Originally Posted by
CheddarMan
This is a perennial favourite for forums like this. And the answer is really tricky. The balance is between making walking to lovely places an elite sport that requires licences and permits and qualifications versus the ill prepared people who get themselves in trouble.
I am off on a Stag weekend for my best mate in a few weeks, we are going to Princetown on Dartmoor for a walking weekend. There are 12 of us going, and over the years in various combinations, we have done over 100 mountain marathons, have all the qualifications Mountain Training offer, walked every area and high peak in the UK, 3 of us have won National level orienteering competitions, we will have on our backs rucksacks with every appropriate bit of kit that will keep us safe. We will walk whatever the weather does to us, but could we guarantee that we will all come back safe?

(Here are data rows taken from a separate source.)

(* The optimal objective value of the multi-commodity NPP equals the optimal objective value of the conjugate bilevel formulation $\max_{w,t}\{w^\top t : w\in\mathbb{R}^{\mathcal{A}_1},\ w\ge 0,\ t\in\mathbf{T}(w)\}$.
   Context: Let $G=(\mathcal{V},\mathcal{A})$ be a directed graph with arc costs $c\in\mathbb{R}^{\mathcal{A}}$, $c\ge0$, arcs partitioned into a nonempty set $\mathcal{A}_1\subsetneq\mathcal{A}$ of tolled arcs and $\mathcal{A}_2=\mathcal{A}\setminus\mathcal{A}_1$ of toll-free arcs; $N$ is the node–arc incidence matrix. There is a finite set $\mathcal{K}$ of commodities, commodity $k$ having origin $o^k$, destination $d^k$, with an $o^k$–$d^k$ path of toll-free arcs assumed to exist; $b^k\in\mathbb{R}^{\mathcal{V}}$ has $b^k_{o^k}=1$, $b^k_{d^k}=-1$, other entries $0$. Tolls are vectors $t\in\mathbb{R}^{\mathcal{A}_1}$, $t\ge0$, identified with the vector $\bar t\in\mathbb{R}^{\mathcal{A}}$ equal to $t$ on $\mathcal{A}_1$ and $0$ on $\mathcal{A}_2$; for $x\in\mathbb{R}^{\mathcal{A}}$, $x_{\mathcal{A}_1}$ denotes its restriction to $\mathcal{A}_1$. Follower $k$'s reaction set is $\mathbf{R}^k(t)=\arg\min_x\{c^\top x+t^\top x_{\mathcal{A}_1}: Nx=b^k,\ x\ge0\}$, and the multi-commodity NPP is $\max_{t,x^k}\{\sum_{k}t^\top x^k_{\mathcal{A}_1}: t\ge0,\ x^k\in\mathbf{R}^k(t)\ \forall k\}$. For $w\in\mathbb{R}^{\mathcal{A}_1}$, $w\ge0$, the conjugate follower program is $\max_{t,(y^k)}\{\sum_{k\in\mathcal{K}}(b^k)^\top y^k - w^\top t : N^\top y^k-\bar t\le c\ \forall k\in\mathcal{K},\ t\ge 0\}$ with $t\in\mathbb{R}^{\mathcal{A}_1}$, $y^k\in\mathbb{R}^{\mathcal{V}}$, and $\mathbf{T}(w)$ denotes the set of $t$ that are parts of optimal solutions of this program. *)

theory Defs
  imports "HOL-Analysis.Analysis"
begin

text \<open>Directed graph: vertex set V, arc set A, each arc a goes from tail a to head a.
  Vectors indexed by arcs/vertices are real-valued functions; only their values on
  A (resp. A1, V) matter.\<close>

definition incidence :: "('a \<Rightarrow> 'v) \<Rightarrow> ('a \<Rightarrow> 'v) \<Rightarrow> 'v \<Rightarrow> 'a \<Rightarrow> real" where
  "incidence tail head v a = (if tail a = v then 1 else 0) - (if head a = v then 1 else 0)"
(* Let $g\in H(\mathbb{D})$ and let $\nu,\mu$ be weights. Then the following are equivalent: (1) $S_g: \mathcal{B}^{\infty}_\nu\rightarrow \mathcal{B}^{\infty}_\mu$ is bounded; (2) $\sup_{z\in\mathbb{D}}|g(z)|\,\mu(z)/\widetilde{\nu}(z)<\infty$. If, in addition, $\nu$ and $\mu$ are typical weights, then (1) and (2) are also equivalent to (3) $S_g: \mathcal{B}^{0}_\nu\rightarrow \mathcal{B}^{0}_\mu$ is bounded.
   Context: $\mathbb{D}$ is the open unit disk and $H(\mathbb{D})$ the space of analytic functions on $\mathbb{D}$. A weight is a non-negative continuous function $\nu$ on $\mathbb{D}$ with $\nu(z)=\nu(|z|)$ for all $z$, which is decreasing in $|z|$. For a weight $\nu$: $H^{\infty}_\nu=\{f\in H(\mathbb{D}): \|f\|_{H^\infty_\nu}=\sup_{z}\nu(z)|f(z)|<\infty\}$; $\mathcal{B}^{\infty}_\nu=\{f\in H(\mathbb{D}): \|f\|=|f(0)|+\sup_{z}\nu(z)|f'(z)|<\infty\}$; $\mathcal{B}^{0}_\nu=\{f\in H(\mathbb{D}): \lim_{|z|\to1^-}\nu(z)|f'(z)|=0\}$ (with the norm of $\mathcal{B}^\infty_\nu$). The associated weight of $\nu$ is $\widetilde{\nu}(z)=1/\sup\{|f(z)|: f\in H^\infty_\nu,\ \|f\|_{H^\infty_\nu}\le 1\}$. A weight $\nu$ is typical if $\lim_{|z|\to1^-}\nu(z)=0$. For $g\in H(\mathbb{D})$, $(S_gf)(z)=\int_0^z f'(\omega)g(\omega)\,d\omega$. *)

theory Defs
  imports "HOL-Complex_Analysis.Complex_Analysis"
begin

abbreviation unit_disc :: "complex set" where
  "unit_disc \<equiv> ball 0 1"

definition weight :: "(complex \<Rightarrow> real) \<Rightarrow> bool" where
  "weight \<nu> \<longleftrightarrow>
     continuous_on unit_disc \<nu> \<and>
     (\<forall>z\<in>unit_disc. 0 \<le> \<nu> z) \<and>
     (\<forall>z\<in>unit_disc. \<nu> z = \<nu> (complex_of_real (cmod z))) \<and>
     (\<forall>z\<in>unit_disc. \<forall>w\<in>unit_disc. cmod z \<le> cmod w \<longrightarrow> \<nu> w \<le> \<nu> z)"

definition typical_weight :: "(complex \<Rightarrow> real) \<Rightarrow> bool" where
  "typical_weight \<nu> \<longleftrightarrow> weight \<nu> \<and>
     (\<forall>e>0. \<exists>r<1. \<forall>z\<in>unit_disc. r < cmod z \<longrightarrow> \<bar>\<nu> z\<bar> < e)"

definition Hinf :: "(complex \<Rightarrow> real) \<Rightarrow> (complex \<Rightarrow> complex) set" where
  "Hinf \<nu> = {f. f holomorphic_on unit_disc \<and> bdd_above ((\<lambda>z. \<nu> z * cmod (f z)) ` unit_disc)}"

definition Hinf_norm :: "(complex \<Rightarrow> real) \<Rightarrow> (complex \<Rightarrow> complex) \<Rightarrow> real" where
  "Hinf_norm \<nu> f = (SUP z\<in>unit_disc. \<nu> z * cmod (f z))"

text \<open>Associated weight, valued in the extended reals (1/infinity = 0).\<close>
definition assoc_weight :: "(complex \<Rightarrow> real) \<Rightarrow> complex \<Rightarrow> ereal" where
  "assoc_weight \<nu> z =
     1 / (SUP f\<in>{f\<in>Hinf \<nu>. Hinf_norm \<nu> f \<le> 1}. ereal (cmod (f z)))"

definition Bloch_inf :: "(complex \<Rightarrow> real) \<Rightarrow> (complex \<Rightarrow> complex) set" where
  "Bloch_inf \<nu> = {f. f holomorphic_on unit_disc \<and>
       bdd_above ((\<lambda>z. \<nu> z * cmod (deriv f z)) ` unit_disc)}"

definition Bloch_0 :: "(complex \<Rightarrow> real) \<Rightarrow> (complex \<Rightarrow> complex) set" where
  "Bloch_0 \<nu> = {f. f holomorphic_on unit_disc \<and>
       (\<forall>e>0. \<exists>r<1. \<forall>z\<in>unit_disc. r < cmod z \<longrightarrow> \<nu> z * cmod (deriv f z) < e)}"

definition Bloch_norm :: "(complex \<Rightarrow> real) \<Rightarrow> (complex \<Rightarrow> complex) \<Rightarrow> real" where
  "Bloch_norm \<nu> f = cmod (f 0) + (SUP z\<in>unit_disc. \<nu> z * cmod (deriv f z))"

definition S_op :: "(complex \<Rightarrow> complex) \<Rightarrow> (complex \<Rightarrow> complex) \<Rightarrow> complex \<Rightarrow> complex" where
  "S_op g f z = contour_integral (linepath 0 z) (\<lambda>w. deriv f w * g w)"

definition bounded_op ::
  "('a \<Rightarrow> 'b) \<Rightarrow> 'a set \<Rightarrow> ('a \<Rightarrow> real) \<Rightarrow> 'b set \<Rightarrow> ('b \<Rightarrow> real) \<Rightarrow> bool" where
  "bounded_op T X nX Y nY \<longleftrightarrow> (\<forall>f\<in>X. T f \<in> Y) \<and> (\<exists>C. \<forall>f\<in>X. nY (T f) \<le> C * nX f)"

end

theory Submission
  imports Defs
begin

text \<open>
  Since \<open>S\<^sub>g f (0) = 0\<close> and \<open>(S\<^sub>g f)' = g f'\<close>, and differentiation maps
  \<open>\<B>\<^sup>\<infinity>\<^sub>\<nu>\<close> modulo constants isometrically onto \<open>H\<^sup>\<infinity>\<^sub>\<nu>\<close> (the inverse being the primitive
  vanishing at 0), \<open>S\<^sub>g\<close> is bounded on the Bloch spaces exactly when multiplication by \<open>g\<close>
  is bounded from \<open>H\<^sup>\<infinity>\<^sub>\<nu>\<close> to \<open>H\<^sup>\<infinity>\<^sub>\<mu>\<close>.  By the definition of the associated weight,
  \<open>|g(z)| \<mu>(z) / \<nu>\<^sup>~(z)\<close> is the supremum of \<open>\<mu>(z) |g(z) h(z)|\<close> over the unit ball of
  \<open>H\<^sup>\<infinity>\<^sub>\<nu>\<close>, so this multiplier condition is condition (2).

  For the little spaces, the unit ball of \<open>H\<^sup>\<infinity>\<^sub>\<nu>\<close> is tested through the dilations
  \<open>h(t\<cdot>)\<close>, \<open>t < 1\<close>, whose primitives lie in \<open>\<B>\<^sup>0\<^sub>\<nu>\<close> with norm at most 1 by the maximum
  modulus principle (\<open>\<nu>\<close> is constant on circles).  Conversely, testing the multiplier
  condition with \<open>z\<^sup>n\<close> shows that \<open>\<mu> |g|\<close> vanishes at the boundary when \<open>\<nu>\<close> is typical;
  and for \<open>f \<in> \<B>\<^sup>0\<^sub>\<nu>\<close> the derivative \<open>f'\<close> is approximated in \<open>H\<^sup>\<infinity>\<^sub>\<nu>\<close> by its
  dilations, which are bounded, so \<open>\<mu> |g f'|\<close> vanishes at the boundary as well.
\<close>

section \<open>Primitives on the disc and the operator \<open>S\<^sub>g\<close>\<close>

definition disc_primitive :: "(complex \<Rightarrow> complex) \<Rightarrow> complex \<Rightarrow> complex" where
  "disc_primitive k = (\<lambda>z. contour_integral (linepath 0 z) k)"

lemma disc_primitive_has_field_derivative:
  assumes k: "k holomorphic_on unit_disc" and z: "z \<in> unit_disc"
  shows "(disc_primitive k has_field_derivative k z) (at z)"
proof -
  have "(disc_primitive k has_field_derivative k z) (at z within unit_disc)"
    unfolding disc_primitive_def
  proof (rule triangle_contour_integrals_convex_primitive)
    show "continuous_on unit_disc k"
      using k by (rule holomorphic_on_imp_continuous_on)
    fix b c assume "b \<in> unit_disc" "c \<in> unit_disc"
    then have "convex hull {0, b, c} \<subseteq> unit_disc"
      by (intro hull_minimal) (auto simp: convex_ball)
    then have "(k has_contour_integral 0) (linepath 0 b +++ linepath b c +++ linepath c 0)"
      by (intro Cauchy_theorem_triangle holomorphic_on_subset[OF k])
    then show "contour_integral (linepath 0 b) k + contour_integral (linepath b c) k +
                 contour_integral (linepath c 0) k = 0"
      by (rule has_chain_integral_chain_integral3)
  qed (use z in auto)
  then show ?thesis
    using z by (simp add: at_within_open[of z unit_disc])
qed

lemma holomorphic_disc_primitive:
  "k holomorphic_on unit_disc \<Longrightarrow> disc_primitive k holomorphic_on unit_disc"
  using disc_primitive_has_field_derivative holomorphic_on_open[of unit_disc] by blast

Sometimes people say that rescue teams should be able to get the 'public' to sign a disclaimer and if they are poorly equipped the team doesn't have to go, but if they are properly equipped they will. That is arse about face for me. I have, and I am sure you will have as well, seen people with every conceivable item of kit under the moon, but not the slightest clue what to do with it all! They would get rescued, but it's wrong, it's not having the kit, it's knowing what to do with it. After all, when on a mountain marathon we carry tiny amounts of kit, look essentially very poorly prepared, but actually are some of the best prepared people in the outdoors that weekend!
After many discussions on this subject over the years, I tend to come down on the side of letting people get on with it and educating if we get the chance. When we think of the amount of people who use the outdoors, rescues are actually extremely rare. It doesn't help that these rescues are often concentrated in small areas in whatever country you look at.